My husband and I are on an Indian food kick. It’s kind of strange because we lived in the UK for three years and rarely, if ever, ate Indian food. I mean, outside of India, if you’re going to have curry, then the UK would be the place for it. We just never really got into it until we got to Asia. Strangely, I think it had something to do with the way they plated it up in the UK. Presentation is everything, and we always seemed to have curry in huge pots or dishes with lots of liquid that the table would share. It just seemed more sloppy and drippy than we cared for even though the flavor was good.

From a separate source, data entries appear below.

lemma sum_lessThan_split_01_range_tail:
  fixes f :: "nat \<Rightarrow> 'a::comm_monoid_add"
  assumes "1 \<le> p"
  shows "(\<Sum>j<p+1+c. f j) = f 0 + f 1 + (\<Sum>j\<in>{2..p}. f j) + (\<Sum>j<c. f (p+1+j))"
proof -
  have "x \<in> (\<lambda>j. p+1+j) ` {..<c}" if "p < x" "x < p+1+c" for x
    using that by (intro image_eqI[of _ _ "x - (p+1)"]) auto
  then have "{..<p+1+c} = {0,1} \<union> ({2..p} \<union> (\<lambda>j. p+1+j) ` {..<c})"
    using assms by (auto simp: not_le) (meson not_le)
  moreover have "{0,1} \<inter> ({2..p} \<union> (\<lambda>j. p+1+j) ` {..<c}) = {}"
    and "{2..p} \<inter> (\<lambda>j. p+1+j) ` {..<c} = {}"
    using assms by auto
  ultimately have "(\<Sum>j<p+1+c. f j)
      = (\<Sum>j\<in>{0,1}. f j) + ((\<Sum>j\<in>{2..p}. f j) + (\<Sum>j\<in>(\<lambda>j. p+1+j) ` {..<c}. f j))"
    by (simp add: sum.union_disjoint add.assoc)
  also have "(\<Sum>j\<in>(\<lambda>j. p+1+j) ` {..<c}. f j) = (\<Sum>j<c. f (p+1+j))"
    by (subst sum.reindex) (auto simp: inj_on_def)
  finally show ?thesis
    by (simp add: ac_simps)
qed

section \<open>The complement of \<open>U'(p)\<close>\<close>

lemma U'_graph_iff: "U'_graph p i j \<longleftrightarrow>
     (i = 0 \<and> 1 \<le> j \<and> j \<le> p) \<or> (j = 0 \<and> 1 \<le> i \<and> i \<le> p)
   \<or> (i = p+1 \<and> j = p+2) \<or> (i = p+2 \<and> j = p+1) \<or> (i = p+2 \<and> j = p+3) \<or> (i = p+3 \<and> j = p+2)
   \<or> (i = p+1 \<and> j = p+3) \<or> (i = p+3 \<and> j = p+1) \<or> (i = 1 \<and> j = p+1) \<or> (i = p+1 \<and> j = 1)"
  unfolding U'_graph_def sym_edges_def by blast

Here in Asia, we’ve found some good Indian restaurants that we actually like better. They serve the curries in the small karahi bowls so that you can easily dip your naan into them…which in this case is so much better than a big serving bowl for the table to share. Since we always like to try our hand at making our favorite foods at home, I’ve been finding some great spicy recipes that are vegan, vegetarian, and for meat lovers. This one has chicken cutlets that basically marinate in the liquid, spices, and yogurt thus making it a tikka masala.
I have to say, we really love this recipe especially since you just throw everything into the slow cooker and let it work its magic. Plus, you can make it as spicy as you’d like. Serve it with some rice and naan for dipping, and you’ve got yourself one killer curry with little effort.

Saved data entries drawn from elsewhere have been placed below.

lemma prod_fa_measure_map_prod_image_inj_fst:
  assumes inv_f: "\<And>A. inj_on f A \<Longrightarrow> \<mu> (f ` A) = \<mu> A"
    and inv_g: "\<And>B. inj_on g B \<Longrightarrow> \<nu> (g ` B) = \<nu> B"
    and inj: "inj_on (map_prod f g) C" and inj_fst: "inj_on f (fst ` C)"
  shows "prod_fa_measure \<mu> \<nu> (map_prod f g ` C) = prod_fa_measure \<mu> \<nu> C"
  unfolding prod_fa_measure_def
proof (rule fa_integral_transfer[OF \<mu> range_measure_vimage_Pair range_measure_vimage_Pair])
  show "\<mu> (f ` A) = \<mu> A" if "A \<subseteq> fst ` C" for A
    by (rule inv_f[OF inj_on_subset[OF inj_fst that]])
  show "\<nu> (Pair a -` C) = 0" if "a \<notin> fst ` C" for a
  proof -
    have "Pair a -` C = {}" using that by force
    then show ?thesis by (simp add: fa_prob_measure_empty[OF \<nu>])
  qed
  show "\<nu> (Pair x -` (map_prod f g ` C)) = 0" if "x \<notin> f ` fst ` C" for x
  proof -
    have "Pair x -` (map_prod f g ` C) = {}" using that by force
    then show ?thesis by (simp add: fa_prob_measure_empty[OF \<nu>])
  qed
  show "\<nu> (Pair (f a) -` (map_prod f g ` C)) = \<nu> (Pair a -` C)" if "a \<in> fst ` C" for a
    using vimage_Pair_map_prod_image[OF inj_fst that, of g] inv_g[OF inj_on_vimage_Pair[OF inj]] by simp
qed

text \<open>A point whose slice of the image has measure above \<open>1 / N\<close> comes from at least \<open>N\<close> slices of
  measure at most \<open>1 / N\<^sup>2\<close>.\<close>
lemma prod_fa_measure_map_prod_image_light:
  assumes inv_f: "\<And>A. inj_on f A \<Longrightarrow> \<mu> (f ` A) = \<mu> A"
    and inv_g: "\<And>B. inj_on g B \<Longrightarrow> \<nu> (g ` B) = \<nu> B"
    and inj: "inj_on (map_prod f g) R" and "0 < N"
    and light: "\<And>a. real N * real N * \<nu> (Pair a -` R) \<le> 1"
  shows "prod_fa_measure \<mu> \<nu> (map_prod f g ` R) \<le> 2 / real N"
proof -
  let ?X = "{x. 1 / real N < \<nu> (Pair x -` (map_prod f g ` R))}"
  have "real N * \<mu> ?X \<le> 1"
  proof (rule fa_prob_measure_many_preimages[OF \<mu> inv_f])
    fix x assume x: "x \<in> ?X"
    show "infinite (f -` {x}) \<or> N \<le> card (f -` {x})"
    proof (rule ccontr)
      assume "\<not> ?thesis"
      then have fin: "finite (f -` {x})" "card (f -` {x}) \<le> N" by auto
      have "Pair x -` (map_prod f g ` R) \<subseteq> (\<Union>a\<in>f -` {x}. g ` (Pair a -` R))"
      proof
        fix b assume "b \<in> Pair x -` (map_prod f g ` R)"
        then obtain a b' where "(a, b') \<in> R" "x = f a" "b = g b'" by auto
        then show "b \<in> (\<Union>a\<in>f -` {x}. g ` (Pair a -` R))" by auto
      qed
      then have "\<nu> (Pair x -` (map_prod f g ` R)) \<le> \<nu> (\<Union>a\<in>f -` {x}. g ` (Pair a -` R))"
        by (rule fa_prob_measure_mono[OF \<nu>])
      also have "\<dots> \<le> (\<Sum>a\<in>f -` {x}. \<nu> (g ` (Pair a -` R)))"
        by (rule fa_prob_measure_UN_le[OF \<nu> fin(1)])
      also have "\<dots> = (\<Sum>a\<in>f -` {x}. \<nu> (Pair a -` R))"
        using inv_g[OF inj_on_vimage_Pair[OF inj]] by simp
      also have "\<dots> \<le> (\<Sum>a\<in>f -` {x}. 1 / (real N * real N))"
        using light \<open>0 < N\<close> by (intro sum_mono) (simp add: field_simps)
      also have "\<dots> \<le> 1 / real N"
        using fin(2) \<open>0 < N\<close> by (simp add: field_simps)
      finally show False using x by simp
    qed
  qed
  then have "\<mu> ?X \<le> 1 / real N" using \<open>0 < N\<close> by (simp add: field_simps)
  then show ?thesis using prod_fa_measure_le_level_set[of "1 / real N" "map_prod f g ` R"] by simp
qed

lemma prod_fa_measure_map_prod_image_approx:
  assumes inv_f: "\<And>A. inj_on f A \<Longrightarrow> \<mu> (f ` A) = \<mu> A"
    and inv_g: "\<And>B. inj_on g B \<Longrightarrow> \<nu> (g ` B) = \<nu> B"
    and inj: "inj_on (map_prod f g) C" and "0 < N"
  shows "\<bar>prod_fa_measure \<mu> \<nu> (map_prod f g ` C) - prod_fa_measure \<mu> \<nu> C\<bar> \<le> 2 / real N"
proof -
  obtain R P where C: "C = R \<union> (\<Union>i<N * N. P i)" "R \<inter> (\<Union>i<N * N. P i) = {}"
      "disjoint_family_on P {..<N * N}"
    and inj_fst: "\<And>i. inj_on f (fst ` P i)"
    and light: "\<And>a. real (N * N) * \<nu> (Pair a -` R) \<le> 1"
    using split_light_and_inj_fst_pieces[OF \<nu> inj, of "N * N"] \<open>0 < N\<close> by auto
  have R_sub: "R \<subseteq> C" and P_sub: "\<And>i. i < N * N \<Longrightarrow> P i \<subseteq> C" using C(1) by auto
  have "prod_fa_measure \<mu> \<nu> (map_prod f g ` C) - prod_fa_measure \<mu> \<nu> C
      = prod_fa_measure \<mu> \<nu> (map_prod f g ` R) - prod_fa_measure \<mu> \<nu> R"
  proof (rule fa_prob_measure_image_diff_eq[OF fa_prob_measure_prod inj C])
    fix i assume "i < N * N"
    show "prod_fa_measure \<mu> \<nu> (map_prod f g ` P i) = prod_fa_measure \<mu> \<nu> (P i)"
      by (rule prod_fa_measure_map_prod_image_inj_fst[OF inv_f inv_g
            inj_on_subset[OF inj P_sub[OF \<open>i < N * N\<close>]] inj_fst])
  qed
  moreover have "prod_fa_measure \<mu> \<nu> (map_prod f g ` R) \<le> 2 / real N"
    by (rule prod_fa_measure_map_prod_image_light[OF inv_f inv_g inj_on_subset[OF inj R_sub]
          \<open>0 < N\<close> light[unfolded of_nat_mult]])
  moreover have "prod_fa_measure \<mu> \<nu> R \<le> 2 / real N"
  proof -
    have "\<nu> (Pair a -` R) \<le> 1 / real N" for a
    proof -
      have "real N * \<nu> (Pair a -` R) \<le> real (N * N) * \<nu> (Pair a -` R)"
        using \<open>0 < N\<close> fa_prob_measure_nonneg[OF \<nu>] by (intro mult_right_mono) simp_all
      also have "\<dots> \<le> 1" by (rule light)
      finally show ?thesis using \<open>0 < N\<close> by (simp add: le_divide_eq mult.commute)
    qed
    then have "{a. 1 / real N < \<nu> (Pair a -` R)} = {}" by (auto simp: not_less[symmetric])
    then have "prod_fa_measure \<mu> \<nu> R \<le> 1 / real N"
      using prod_fa_measure_le_level_set[of "1 / real N" R] fa_prob_measure_empty[OF \<mu>] by simp
    also have "\<dots> \<le> 2 / real N" by (simp add: divide_right_mono)
    finally show ?thesis .
  qed
  moreover have "0 \<le> prod_fa_measure \<mu> \<nu> R" "0 \<le> prod_fa_measure \<mu> \<nu> (map_prod f g ` R)"
    by (simp_all add: fa_prob_measure_nonneg[OF fa_prob_measure_prod])
  ultimately show ?thesis by (simp only: abs_le_iff) linarith
qed

lemma prod_fa_measure_map_prod_image:
  assumes "\<And>A. inj_on f A \<Longrightarrow> \<mu> (f ` A) = \<mu> A" "\<And>B. inj_on g B \<Longrightarrow> \<nu> (g ` B) = \<nu> B"
    and "inj_on (map_prod f g) C"
  shows "prod_fa_measure \<mu> \<nu> (map_prod f g ` C) = prod_fa_measure \<mu> \<nu> C"
proof -
  let ?d = "\<bar>prod_fa_measure \<mu> \<nu> (map_prod f g ` C) - prod_fa_measure \<mu> \<nu> C\<bar>"
  have "?d \<le> 0 + 2 / real (Suc n)" for n
    using prod_fa_measure_map_prod_image_approx[OF assms, of "Suc n"] by simp
  then have "?d \<le> 0" by (rule LIMSEQ_le_vanishing[OF tendsto_const tendsto_const])
  then show ?thesis by simp
qed

end

lemma left_fairly_amenable_prod:
  assumes "left_fairly_amenable m1" "left_fairly_amenable m2"
  shows "left_fairly_amenable (\<lambda>x y. (m1 (fst x) (fst y), m2 (snd x) (snd y)))"
proof -
  obtain \<mu> where \<mu>: "fa_prob_measure \<mu>" "left_fairly_invariant m1 \<mu>"
    using assms(1) by (auto simp: left_fairly_amenable_def)
  obtain \<nu> where \<nu>: "fa_prob_measure \<nu>" "left_fairly_invariant m2 \<nu>"
    using assms(2) by (auto simp: left_fairly_amenable_def)
  have "(\<lambda>y. (m1 (fst x) (fst y), m2 (snd x) (snd y))) = map_prod (m1 (fst x)) (m2 (snd x))" for x
    by auto
  then have "left_fairly_invariant (\<lambda>x y. (m1 (fst x) (fst y), m2 (snd x) (snd y)))
      (prod_fa_measure \<mu> \<nu>)"
    using prod_fa_measure_map_prod_image[OF \<mu>(1) \<nu>(1)] \<mu>(2) \<nu>(2)
    by (simp add: left_fairly_invariant_def)
  then show ?thesis
    using fa_prob_measure_prod[OF \<mu>(1) \<nu>(1)] by (auto simp: left_fairly_amenable_def)
qed

lemma right_fairly_amenable_iff_left_flip:
  "right_fairly_amenable m \<longleftrightarrow> left_fairly_amenable (\<lambda>x y. m y x)"
  unfolding right_fairly_amenable_def left_fairly_amenable_def
    right_fairly_invariant_def left_fairly_invariant_def by simp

Chicken Tikka Masala in the Slow Cooker
Adapted from Smells Like Home
For the chicken.
1 pounds boneless, skinless chicken breasts
1/2 Tbsp ground coriander
1 Tbsp ground cumin
1/2 tsp salt
1/2 cup greek yogurt
1 Tbsp Sriracha sauce
For the sauce.
2 tbsp butter
1/2 large onion, diced
4 cloves garlic, minced
1/2 tbsp salt
1 1/2 Tbsp garam masala (or similar spice blend)
1 Tbsp fresh ginger, peeled and grated
28 oz can crushed tomatoes
2 tsp sugar
1 1/2 Tbsp heavy cream
Cut the chicken into strips. Sprinkle the coriander, cumin and salt over the chicken and stir in the yogurt and Sriracha until all the pieces are evenly coated. Place the chicken in the bottom of a 3-quart slow cooker.

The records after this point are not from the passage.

(* Let $\mathbf{W}^0$ be a real $N\times N$ matrix, let $\mathbf{u}=(1,\dots,1)^T/\sqrt N\in\mathbb{R}^N$, $\mathbf{H}=\mathbf{u}\mathbf{u}^T$ and $\boldsymbol\Theta=\mathbf{I}-\mathbf{H}$, and for $n\ge1$ let $\mathbf{W}^\theta_n=(\mathbf{W}^0\boldsymbol\Theta)^{n-1}\mathbf{W}^0$. Then the motif cumulants of $\mathbf{W}^0$ satisfy, for all $n,m\ge1$, $$\kappa_n=\frac{1}{N^n}\,\mathbf{u}^T\mathbf{W}^\theta_n\mathbf{u}=\frac{1}{N^{n+1}}\sum_{i,j}\big((\mathbf{W}^0\boldsymbol\Theta)^{n-1}\mathbf{W}^0\big)_{ij},$$ $$\kappa_{n,m}=\frac{1}{N^{n+m}}\,\mathbf{u}^T\mathbf{W}^\theta_n\,\boldsymbol\Theta\,(\mathbf{W}^\theta_m)^T\mathbf{u}=\frac{1}{N^{n+m}}\,\mathbf{u}^T(\mathbf{W}^0\boldsymbol\Theta)^{n-1}\mathbf{W}^0\boldsymbol\Theta(\mathbf{W}^0)^T(\boldsymbol\Theta(\mathbf{W}^0)^T)^{m-1}\mathbf{u}.$$
   Context: Notation: for an $N\times N$ matrix $\mathbf{X}$, $\langle\mathbf{X}\rangle=\frac1{N^2}\sum_{i,j}\mathbf{X}_{ij}$. Motif moments: for integers $n,m\ge0$, $\mu_{n,m}=\langle(\mathbf{W}^0)^n((\mathbf{W}^0)^T)^m\rangle/N^{n+m-1}$, and $\mu_n:=\mu_{n,0}$. A composition of a positive integer $n$ is an ordered tuple $(n_1,\dots,n_t)$ of positive integers with $n_1+\dots+n_t=n$; $\mathcal{C}(n)$ denotes the set of compositions of $n$. Motif cumulants: the numbers $\kappa_n$ ($n\ge1$) and $\kappa_{n,m}$ ($n,m\ge1$) are defined recursively (uniquely) by requiring, for all $n,m\ge1$, $$\mu_n=\sum_{(n_1,\dots,n_t)\in\mathcal{C}(n)}\prod_{i=1}^t\kappa_{n_i},\qquad \mu_{n,m}=\sum_{\substack{(n_1,\dots,n_t)\in\mathcal{C}(n)\\(m_1,\dots,m_s)\in\mathcal{C}(m)}}\Big(\prod_{i=2}^t\kappa_{n_i}\Big)\big(\kappa_{n_1,m_1}+\kappa_{n_1}\kappa_{m_1}\big)\Big(\prod_{j=2}^s\kappa_{m_j}\Big),$$ where an empty product equals $1$. *)

theory Defs
  imports "HOL-Analysis.Analysis"
begin

primrec mpow :: "real^'n^'n \<Rightarrow> nat \<Rightarrow> real^'n^'n" where
  "mpow A 0 = mat 1"
| "mpow A (Suc k) = A ** mpow A k"

definition mavg :: "real^'n^'n \<Rightarrow> real" where
  "mavg X = (\<Sum>i\<in>UNIV. \<Sum>j\<in>UNIV. X $ i $ j) / (real CARD('n))^2"

definition motif_moment :: "real^'n^'n \<Rightarrow> nat \<Rightarrow> nat \<Rightarrow> real" where
  "motif_moment W n m =
     mavg (mpow W n ** mpow (transpose W) m) / (real CARD('n)) ^ (n + m - 1)"

definition compositions :: "nat \<Rightarrow> nat list set" where
  "compositions n = {c. (\<forall>x\<in>set c. 0 < x) \<and> sum_list c = n}"

definition cumulant_system ::
  "real^'n^'n \<Rightarrow> (nat \<Rightarrow> real) \<Rightarrow> (nat \<Rightarrow> nat \<Rightarrow> real) \<Rightarrow> bool" where
  "cumulant_system W k k2 \<longleftrightarrow>
     (\<forall>n\<ge>1. motif_moment W n 0 =
          (\<Sum>c\<in>compositions n. prod_list (map k c))) \<and>
     (\<forall>n\<ge>1. \<forall>m\<ge>1. motif_moment W n m =
          (\<Sum>c\<in>compositions n. \<Sum>d\<in>compositions m.
              prod_list (map k (tl c)) * (k2 (hd c) (hd d) + k (hd c) * k (hd d))
              * prod_list (map k (tl d))))"

text \<open>The motif cumulants: the unique solution of the system (only indices >= 1
  are meaningful; values at index 0 are normalised to 0 to make the choice unique).\<close>
definition motif_cumulants :: "real^'n^'n \<Rightarrow> (nat \<Rightarrow> real) \<times> (nat \<Rightarrow> nat \<Rightarrow> real)" where
  "motif_cumulants W = (THE p. cumulant_system W (fst p) (snd p) \<and> fst p 0 = 0 \<and>
       (\<forall>n m. (n = 0 \<or> m = 0) \<longrightarrow> snd p n m = 0))"

definition kappa1 :: "real^'n^'n \<Rightarrow> nat \<Rightarrow> real" where
  "kappa1 W n = fst (motif_cumulants W) n"

definition kappa2 :: "real^'n^'n \<Rightarrow> nat \<Rightarrow> nat \<Rightarrow> real" where
  "kappa2 W n m = snd (motif_cumulants W) n m"

definition uvec :: "real^'n" where
  "uvec = (\<chi> i. 1 / sqrt (real CARD('n)))"

definition Hmat :: "real^'n^'n" where
  "Hmat = (\<chi> i j. uvec $ i * uvec $ j)"

definition Theta :: "real^'n^'n" where
  "Theta = mat 1 - Hmat"

definition Wtheta :: "real^'n^'n \<Rightarrow> nat \<Rightarrow> real^'n^'n" where
  "Wtheta W n = mpow (W ** Theta) (n - 1) ** W"

end

theory Submission
  imports Defs
begin

text \<open>Write \<open>1\<close> for the all-ones vector, so that \<open>H = 1 1^T / N\<close>. Expanding every factor
  \<open>W = W Theta + W H\<close> of \<open>1^T W^n\<close> gives \<open>1^T W^n / N^n = \<Sum>k. mu_(n-k) sigma_k\<close>, where
  \<open>sigma_k = 1^T W^theta_k / N^k\<close> and \<open>mu_0 = 1\<close>. Pairing with \<open>1\<close>, respectively with
  \<open>1^T W^m / N^m\<close>, shows that the motif moments satisfy the composition-sum recursions with
  \<open>kappa_k = sigma_k \<bullet> 1 / N\<close> and \<open>kappa_(k,l) = sigma_k \<bullet> sigma_l / N - kappa_k kappa_l\<close>.
  The recursions are triangular, so they have only this solution; and
  \<open>sigma_k \<bullet> sigma_l - (sigma_k \<bullet> 1) (sigma_l \<bullet> 1) / N\<close> is the \<open>Theta\<close>-weighted form of the statement.\<close>

lemma length_le_sum_list_pos: "\<forall>x\<in>set c. 0 < (x::nat) \<Longrightarrow> length c \<le> sum_list c"
  by (induction c) (auto simp: Suc_le_eq)

lemma finite_compositions: "finite (compositions n)"
proof (rule finite_subset)
  show "compositions n \<subseteq> {c. set c \<subseteq> {..n} \<and> length c \<le> n}"
    unfolding compositions_def using length_le_sum_list_pos member_le_sum_list by fastforce
  show "finite {c. set c \<subseteq> {..n} \<and> length c \<le> n}"
    by (rule finite_lists_length_le) simp
qed

lemma compositions_0: "compositions 0 = {[]}"
  unfolding compositions_def by auto (metis neq_Nil_conv list.set_intros(1) less_irrefl)

lemma compositions_eq_UN_Cons:
  assumes "n \<ge> 1"
  shows "compositions n = (\<Union>k\<in>{1..n}. Cons k ` compositions (n - k))"
proof (intro equalityI subsetI)
  fix c assume c: "c \<in> compositions n"
  with assms obtain k c' where "c = k # c'"
    unfolding compositions_def by (cases c) auto
  moreover from c this have "k \<in> {1..n}" "c' \<in> compositions (n - k)"
    unfolding compositions_def by auto
  ultimately show "c \<in> (\<Union>k\<in>{1..n}. Cons k ` compositions (n - k))"
    by blast
qed (auto simp: compositions_def)

lemma sum_compositions_Cons:
  assumes "n \<ge> 1"
  shows "(\<Sum>c\<in>compositions n. g c) = (\<Sum>k\<in>{1..n}. \<Sum>c\<in>compositions (n - k). g (k # c))"
proof -
  have "(\<Sum>c\<in>compositions n. g c) = (\<Sum>k\<in>{1..n}. \<Sum>c\<in>Cons k ` compositions (n - k). g c)"
    unfolding compositions_eq_UN_Cons[OF assms]
    by (rule sum.UNION_disjoint) (auto simp: finite_compositions)
  also have "\<dots> = (\<Sum>k\<in>{1..n}. \<Sum>c\<in>compositions (n - k). g (k # c))"
    by (simp add: sum.reindex)
  finally show ?thesis .
qed

definition composition_sum :: "(nat \<Rightarrow> 'a::comm_semiring_1) \<Rightarrow> nat \<Rightarrow> 'a" where
  "composition_sum k n = (\<Sum>c\<in>compositions n. prod_list (map k c))"

lemma composition_sum_0 [simp]: "composition_sum k 0 = 1"
  by (simp add: composition_sum_def compositions_0)

lemma composition_sum_rec:
  "n \<ge> 1 \<Longrightarrow> composition_sum k n = (\<Sum>a\<in>{1..n}. k a * composition_sum k (n - a))"
  unfolding composition_sum_def by (subst sum_compositions_Cons) (simp_all add: sum_distrib_left)

lemma sum_compositions_pair:
  fixes k :: "nat \<Rightarrow> 'a::comm_semiring_1"
  assumes "n \<ge> 1" "m \<ge> 1"
  shows "(\<Sum>c\<in>compositions n. \<Sum>d\<in>compositions m.
            prod_list (map k (tl c)) * g (hd c) (hd d) * prod_list (map k (tl d)))
       = (\<Sum>a\<in>{1..n}. \<Sum>b\<in>{1..m}. composition_sum k (n - a) * g a b * composition_sum k (m - b))"
proof -
  have "composition_sum k (n - a) * g a b * composition_sum k (m - b) =
        (\<Sum>c\<in>compositions (n - a). \<Sum>d\<in>compositions (m - b).
            prod_list (map k c) * g a b * prod_list (map k d))" for a b
  proof -
    have "composition_sum k (n - a) * g a b * composition_sum k (m - b) =
        (\<Sum>c\<in>compositions (n - a). prod_list (map k c) * g a b) * composition_sum k (m - b)"
      by (simp add: composition_sum_def sum_distrib_right)
    then show ?thesis
      unfolding composition_sum_def sum_product by simp
  qed
  then show ?thesis
    by (simp add: sum_compositions_Cons[OF assms(1)] sum_compositions_Cons[OF assms(2)])
       (intro sum.cong refl, rule sum.swap)
qed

For the sauce, melt butter in a medium saucepan over medium heat. Add the onions, garlic, and salt and stir to combine. Cook until the onions start to brown. Stir in the garam masala and ginger and cook until fragrant (about 1 minute) before adding the crushed tomatoes and sugar. Stir well, scraping the bottom of the pan. Bring to a boil. Remove the pan from the heat and pour the sauce over the chicken in the slow cooker.
Cover and cook on low for 5 hours or until the chicken is very tender. Pour heavy cream into the slow cooker and stir to combine. Replace the lid and let cook for 10 more minutes. Cool slightly and enjoy!
If you don’t have a slow cooker, just cook the chicken strips in a pan first. Then, let it all simmer together in a large stockpot on the stove for one to two hours.